Goal of the exercise: Only one stretch of the data below is wanted: the lines from the one with "text \<open>The test" through the one with "using enumerate_in_set[OF P(1)]", repeated exactly.

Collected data
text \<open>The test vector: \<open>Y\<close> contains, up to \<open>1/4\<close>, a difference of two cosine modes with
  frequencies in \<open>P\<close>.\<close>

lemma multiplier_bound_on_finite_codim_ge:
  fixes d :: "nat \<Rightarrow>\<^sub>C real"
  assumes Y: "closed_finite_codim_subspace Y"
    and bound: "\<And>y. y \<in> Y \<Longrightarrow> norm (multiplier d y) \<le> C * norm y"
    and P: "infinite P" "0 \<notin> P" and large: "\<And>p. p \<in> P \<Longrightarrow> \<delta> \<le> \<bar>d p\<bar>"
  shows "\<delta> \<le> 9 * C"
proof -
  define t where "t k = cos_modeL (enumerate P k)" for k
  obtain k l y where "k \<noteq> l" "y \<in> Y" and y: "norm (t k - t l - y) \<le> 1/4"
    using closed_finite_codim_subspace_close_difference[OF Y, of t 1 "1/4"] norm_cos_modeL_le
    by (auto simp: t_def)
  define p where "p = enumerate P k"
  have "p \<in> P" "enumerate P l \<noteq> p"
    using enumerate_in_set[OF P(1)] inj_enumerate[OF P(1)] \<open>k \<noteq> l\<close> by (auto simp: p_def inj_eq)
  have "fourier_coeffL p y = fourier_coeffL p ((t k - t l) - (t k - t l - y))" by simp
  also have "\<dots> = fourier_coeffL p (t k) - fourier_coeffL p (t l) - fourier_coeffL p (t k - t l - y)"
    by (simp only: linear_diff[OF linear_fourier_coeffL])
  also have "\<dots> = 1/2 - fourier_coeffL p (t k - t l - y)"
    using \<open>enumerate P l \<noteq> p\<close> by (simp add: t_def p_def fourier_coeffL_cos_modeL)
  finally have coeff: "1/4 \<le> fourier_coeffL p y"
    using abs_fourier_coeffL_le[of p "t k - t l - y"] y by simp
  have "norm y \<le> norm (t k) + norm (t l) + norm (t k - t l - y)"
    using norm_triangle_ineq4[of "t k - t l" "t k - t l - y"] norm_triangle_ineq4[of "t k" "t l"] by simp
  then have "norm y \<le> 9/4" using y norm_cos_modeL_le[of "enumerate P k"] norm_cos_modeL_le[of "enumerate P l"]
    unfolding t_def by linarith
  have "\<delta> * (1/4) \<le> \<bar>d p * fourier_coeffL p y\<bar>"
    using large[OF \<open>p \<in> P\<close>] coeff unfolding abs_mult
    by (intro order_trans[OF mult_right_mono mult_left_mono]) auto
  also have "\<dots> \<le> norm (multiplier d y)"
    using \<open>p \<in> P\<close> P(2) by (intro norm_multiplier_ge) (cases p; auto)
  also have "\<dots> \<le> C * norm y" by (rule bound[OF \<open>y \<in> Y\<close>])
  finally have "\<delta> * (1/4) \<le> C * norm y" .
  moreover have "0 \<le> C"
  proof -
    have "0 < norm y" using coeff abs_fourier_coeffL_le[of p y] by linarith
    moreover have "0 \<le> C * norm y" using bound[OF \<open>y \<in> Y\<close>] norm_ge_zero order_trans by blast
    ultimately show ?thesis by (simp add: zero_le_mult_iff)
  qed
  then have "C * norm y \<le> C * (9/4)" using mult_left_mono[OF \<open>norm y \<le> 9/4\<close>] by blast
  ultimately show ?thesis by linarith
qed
--
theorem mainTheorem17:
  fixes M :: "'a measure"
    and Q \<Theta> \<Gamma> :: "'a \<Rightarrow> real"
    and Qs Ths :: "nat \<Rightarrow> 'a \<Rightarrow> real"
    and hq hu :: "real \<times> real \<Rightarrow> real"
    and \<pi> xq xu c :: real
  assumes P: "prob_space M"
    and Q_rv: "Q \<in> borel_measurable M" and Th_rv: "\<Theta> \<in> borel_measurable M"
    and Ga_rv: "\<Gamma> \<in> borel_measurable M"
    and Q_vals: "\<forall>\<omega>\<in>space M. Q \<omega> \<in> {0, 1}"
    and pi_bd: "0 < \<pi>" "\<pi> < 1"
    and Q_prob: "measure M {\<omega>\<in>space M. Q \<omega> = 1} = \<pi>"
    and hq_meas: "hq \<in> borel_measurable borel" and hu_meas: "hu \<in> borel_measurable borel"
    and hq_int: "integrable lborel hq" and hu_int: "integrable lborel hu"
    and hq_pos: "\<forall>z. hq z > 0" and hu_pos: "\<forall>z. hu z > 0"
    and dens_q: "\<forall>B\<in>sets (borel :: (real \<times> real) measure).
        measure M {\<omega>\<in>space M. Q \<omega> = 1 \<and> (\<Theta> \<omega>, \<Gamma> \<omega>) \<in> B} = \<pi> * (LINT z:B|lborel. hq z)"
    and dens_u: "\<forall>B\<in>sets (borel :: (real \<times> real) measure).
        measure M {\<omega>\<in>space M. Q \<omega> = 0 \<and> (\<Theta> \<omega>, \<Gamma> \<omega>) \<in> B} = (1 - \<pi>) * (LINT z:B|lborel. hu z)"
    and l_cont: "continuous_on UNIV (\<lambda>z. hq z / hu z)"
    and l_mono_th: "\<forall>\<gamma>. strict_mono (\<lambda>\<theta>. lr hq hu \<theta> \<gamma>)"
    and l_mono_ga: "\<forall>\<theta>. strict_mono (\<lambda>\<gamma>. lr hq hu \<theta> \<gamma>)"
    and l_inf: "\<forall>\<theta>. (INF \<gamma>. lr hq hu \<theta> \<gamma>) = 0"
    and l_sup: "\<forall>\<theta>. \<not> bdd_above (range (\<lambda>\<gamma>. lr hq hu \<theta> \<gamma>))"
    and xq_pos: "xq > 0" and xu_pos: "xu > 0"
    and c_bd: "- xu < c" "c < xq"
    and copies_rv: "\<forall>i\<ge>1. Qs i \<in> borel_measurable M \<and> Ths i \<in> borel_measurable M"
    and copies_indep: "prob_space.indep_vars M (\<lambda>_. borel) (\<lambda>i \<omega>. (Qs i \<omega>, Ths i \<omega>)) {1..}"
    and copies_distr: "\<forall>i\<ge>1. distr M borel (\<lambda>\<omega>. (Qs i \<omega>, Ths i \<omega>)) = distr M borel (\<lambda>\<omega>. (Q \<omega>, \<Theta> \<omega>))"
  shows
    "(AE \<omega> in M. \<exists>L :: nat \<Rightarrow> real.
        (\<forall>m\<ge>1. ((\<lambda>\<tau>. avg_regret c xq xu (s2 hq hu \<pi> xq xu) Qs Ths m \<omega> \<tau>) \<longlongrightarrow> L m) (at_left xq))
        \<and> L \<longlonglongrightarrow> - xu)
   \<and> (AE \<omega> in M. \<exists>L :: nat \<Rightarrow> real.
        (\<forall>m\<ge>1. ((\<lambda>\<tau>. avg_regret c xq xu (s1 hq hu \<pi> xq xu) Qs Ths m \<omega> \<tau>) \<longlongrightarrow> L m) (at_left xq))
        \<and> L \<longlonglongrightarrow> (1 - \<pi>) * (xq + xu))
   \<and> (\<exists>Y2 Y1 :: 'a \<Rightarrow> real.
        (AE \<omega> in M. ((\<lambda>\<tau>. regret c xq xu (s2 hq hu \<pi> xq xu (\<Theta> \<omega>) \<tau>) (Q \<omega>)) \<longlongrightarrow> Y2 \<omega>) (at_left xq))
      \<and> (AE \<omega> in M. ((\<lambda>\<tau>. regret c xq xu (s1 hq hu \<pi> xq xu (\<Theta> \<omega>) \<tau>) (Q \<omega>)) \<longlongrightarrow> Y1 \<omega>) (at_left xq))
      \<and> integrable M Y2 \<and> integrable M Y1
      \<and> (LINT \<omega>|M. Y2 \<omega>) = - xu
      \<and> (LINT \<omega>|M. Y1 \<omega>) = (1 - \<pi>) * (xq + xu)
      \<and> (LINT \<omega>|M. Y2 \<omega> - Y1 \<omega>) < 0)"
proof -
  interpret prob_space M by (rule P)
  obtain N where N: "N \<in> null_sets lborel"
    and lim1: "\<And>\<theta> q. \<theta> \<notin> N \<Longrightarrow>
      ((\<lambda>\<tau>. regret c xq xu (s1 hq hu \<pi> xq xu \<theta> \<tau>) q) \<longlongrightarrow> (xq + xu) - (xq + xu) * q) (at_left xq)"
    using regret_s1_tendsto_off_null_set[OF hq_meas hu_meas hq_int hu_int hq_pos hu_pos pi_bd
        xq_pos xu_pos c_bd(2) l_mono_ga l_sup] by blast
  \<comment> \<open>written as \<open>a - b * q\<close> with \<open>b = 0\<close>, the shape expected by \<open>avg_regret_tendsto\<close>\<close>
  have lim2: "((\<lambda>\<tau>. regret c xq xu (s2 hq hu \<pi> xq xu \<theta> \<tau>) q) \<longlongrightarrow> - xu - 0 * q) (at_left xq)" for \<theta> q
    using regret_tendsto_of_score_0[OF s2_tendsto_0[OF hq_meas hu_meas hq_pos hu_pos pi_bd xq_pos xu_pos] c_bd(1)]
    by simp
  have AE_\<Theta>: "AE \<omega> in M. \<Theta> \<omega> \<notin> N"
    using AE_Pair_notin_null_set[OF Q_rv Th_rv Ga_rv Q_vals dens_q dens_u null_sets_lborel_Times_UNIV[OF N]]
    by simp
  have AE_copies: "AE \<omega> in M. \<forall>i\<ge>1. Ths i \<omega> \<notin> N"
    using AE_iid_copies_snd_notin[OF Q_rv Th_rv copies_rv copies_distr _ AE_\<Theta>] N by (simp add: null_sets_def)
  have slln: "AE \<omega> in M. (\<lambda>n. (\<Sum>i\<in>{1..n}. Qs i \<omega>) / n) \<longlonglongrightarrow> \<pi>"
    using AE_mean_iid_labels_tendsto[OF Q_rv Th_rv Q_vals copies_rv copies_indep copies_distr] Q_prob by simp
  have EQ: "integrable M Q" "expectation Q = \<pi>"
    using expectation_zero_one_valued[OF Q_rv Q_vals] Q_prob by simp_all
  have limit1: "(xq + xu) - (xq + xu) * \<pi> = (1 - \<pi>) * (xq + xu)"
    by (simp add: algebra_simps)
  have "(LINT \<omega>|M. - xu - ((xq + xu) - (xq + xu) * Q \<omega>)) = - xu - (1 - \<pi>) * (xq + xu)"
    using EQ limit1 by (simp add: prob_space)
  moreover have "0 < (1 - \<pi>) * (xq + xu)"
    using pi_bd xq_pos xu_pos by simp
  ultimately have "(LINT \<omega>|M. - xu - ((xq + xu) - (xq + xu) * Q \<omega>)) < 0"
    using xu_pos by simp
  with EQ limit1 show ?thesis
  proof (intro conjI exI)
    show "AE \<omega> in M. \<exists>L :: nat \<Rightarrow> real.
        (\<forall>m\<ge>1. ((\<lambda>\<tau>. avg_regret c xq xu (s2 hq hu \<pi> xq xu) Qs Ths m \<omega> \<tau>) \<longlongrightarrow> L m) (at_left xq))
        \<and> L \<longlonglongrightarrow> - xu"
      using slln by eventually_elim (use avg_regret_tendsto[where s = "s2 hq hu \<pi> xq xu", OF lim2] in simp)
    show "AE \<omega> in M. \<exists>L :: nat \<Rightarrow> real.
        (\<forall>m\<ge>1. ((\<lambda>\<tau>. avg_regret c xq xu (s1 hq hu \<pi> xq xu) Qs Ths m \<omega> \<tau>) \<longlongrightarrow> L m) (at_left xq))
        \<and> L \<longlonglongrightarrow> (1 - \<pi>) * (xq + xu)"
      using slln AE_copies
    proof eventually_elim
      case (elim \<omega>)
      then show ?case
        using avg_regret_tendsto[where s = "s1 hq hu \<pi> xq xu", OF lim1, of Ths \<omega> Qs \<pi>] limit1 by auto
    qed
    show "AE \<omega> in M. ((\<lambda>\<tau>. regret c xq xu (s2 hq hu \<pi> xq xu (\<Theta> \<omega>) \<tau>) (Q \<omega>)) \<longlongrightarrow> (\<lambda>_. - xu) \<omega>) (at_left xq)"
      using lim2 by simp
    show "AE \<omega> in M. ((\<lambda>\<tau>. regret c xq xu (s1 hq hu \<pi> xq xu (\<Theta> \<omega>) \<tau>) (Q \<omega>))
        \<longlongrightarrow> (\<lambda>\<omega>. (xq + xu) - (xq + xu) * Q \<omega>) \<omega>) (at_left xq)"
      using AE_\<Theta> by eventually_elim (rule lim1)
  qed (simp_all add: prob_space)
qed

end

Task response:
text \<open>The test vector: \<open>Y\<close> contains, up to \<open>1/4\<close>, a difference of two cosine modes with
  frequencies in \<open>P\<close>.\<close>

lemma multiplier_bound_on_finite_codim_ge:
  fixes d :: "nat \<Rightarrow>\<^sub>C real"
  assumes Y: "closed_finite_codim_subspace Y"
    and bound: "\<And>y. y \<in> Y \<Longrightarrow> norm (multiplier d y) \<le> C * norm y"
    and P: "infinite P" "0 \<notin> P" and large: "\<And>p. p \<in> P \<Longrightarrow> \<delta> \<le> \<bar>d p\<bar>"
  shows "\<delta> \<le> 9 * C"
proof -
  define t where "t k = cos_modeL (enumerate P k)" for k
  obtain k l y where "k \<noteq> l" "y \<in> Y" and y: "norm (t k - t l - y) \<le> 1/4"
    using closed_finite_codim_subspace_close_difference[OF Y, of t 1 "1/4"] norm_cos_modeL_le
    by (auto simp: t_def)
  define p where "p = enumerate P k"
  have "p \<in> P" "enumerate P l \<noteq> p"
    using enumerate_in_set[OF P(1)] inj_enumerate[OF P(1)] \<open>k \<noteq> l\<close> by (auto simp: p_def inj_eq)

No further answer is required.